Promotion effect on liver tumor progression of microcystin-LR at environmentally relevant levels in female krasV12 transgenic zebrafish.

Microcystin-LR (MC-LR) is a kind of natural toxin which exists widely in aquatic environments and has been reported to be hepatotoxic and carcinogenic. At present, the promoting mechanism of MC-LR on hepatocellular carcinoma (HCC) remains largely unexplored. In this study, the hepatocellular promoting effect of MC-LR was described in Kras transgenic zebrafish, a doxycycline (DOX) inducible HCC model. Our results showed that MC-LR could aggravate the progression of HCC at an environmentally relevant concentration (3 μg/L), which was accompanied by the decreased activity and down-regulated transcription level of serine/threonine phosphatase 2A (PP2A). Using TMT labeling quantitative phosphoproteomics, we found that the 1049 phosphopeptides were significantly changed (508 up-regulated and 541 down-regulated) in liver from combined exposure to DOX and 3 μg/L MC-LR group compared to the DOX group.
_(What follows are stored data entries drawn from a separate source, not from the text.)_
lemma threshold_le_golden_beta: "threshold t \<le> golden * beta t"
proof -
  have "future_mean t - golden * beta t \<le> beta t"
    using P.expected_excess_ge[OF integrable_y_future, of t "golden * beta t"]
    unfolding future_mean_def beta_fixpoint(2) .
  moreover have "golden * (golden * beta t) = beta t + golden * beta t"
    by (subst mult.assoc[symmetric], subst golden_square) (simp add: algebra_simps)
  ultimately have "(1 / golden) * future_mean t \<le> golden * beta t"
    using golden_pos by (simp add: field_simps)
  moreover have "beta t \<le> golden * beta t"
    using golden_ge_1 beta_nonneg[of t] by (simp add: mult_le_cancel_right1)
  ultimately show ?thesis
    unfolding threshold_def by simp
qed

lemma future_mean_le_golden_threshold: "future_mean t \<le> golden * threshold t"
proof -
  have "future_mean t = golden * ((1 / golden) * future_mean t)"
    using golden_pos by simp
  also have "\<dots> \<le> golden * threshold t"
    unfolding threshold_def using golden_pos by (intro mult_left_mono) auto
  finally show ?thesis .
qed

lemma opt_value_le_future_mean: "t < n \<Longrightarrow> opt_value (Suc t) \<le> ennreal (future_mean t)"
proof (induction "n - Suc t" arbitrary: t)
  case 0
  then show ?case by (simp add: opt_value_beyond)
next
  case (Suc k)
  then have s: "Suc t < n" by simp
  have mean: "ennreal (future_mean u) = (\<integral>\<^sup>+w. ennreal (y_future n u w) \<partial>P)" for u
    unfolding future_mean_def
    by (rule nn_integral_eq_integral[symmetric]) (auto simp: integrable_y_future y_future_nonneg)
  have y: "(\<lambda>w. ennreal (y_future n (Suc t) w)) \<in> borel_measurable P"
    using borel_measurable_integrable[OF integrable_y_future] by measurable
  have "opt_value (Suc t) = (\<integral>\<^sup>+x. max (ennreal x) (opt_value (Suc (Suc t))) \<partial>M (Suc t))"
    by (rule opt_value_step[OF s])
  also have "\<dots> \<le> (\<integral>\<^sup>+x. max (ennreal x) (\<integral>\<^sup>+w. ennreal (y_future n (Suc t) w) \<partial>P) \<partial>M (Suc t))"
    using Suc.hyps(1)[of "Suc t"] Suc.hyps(2) s unfolding mean
    by (intro nn_integral_mono max.mono) auto
  also have "\<dots> \<le> (\<integral>\<^sup>+w. max (ennreal (w (Suc t))) (ennreal (y_future n (Suc t) w)) \<partial>P)"
    by (rule nn_integral_PiM_max_independent[OF s y]) (simp add: y_future_fun_upd)
  also have "\<dots> = ennreal (future_mean t)"
    unfolding mean by (intro nn_integral_cong) (simp add: y_future_step[OF s] ennreal_max)
  finally show ?case .
qed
Enriched pathways by KEGG analysis suggested that differentially phosphorylated proteins were mainly related to Wnt signaling pathway. Furthermore, the mRNA expression and protein abundance of β-Catenin in Wnt signaling pathway were significantly up-regulated following exposure to MC-LR. In short, our results suggested that MC-LR significantly inhibited the activity of PP2A, which in turn activated Wnt signaling, eventually resulting in progression of liver tumor in transgenic zebrafish.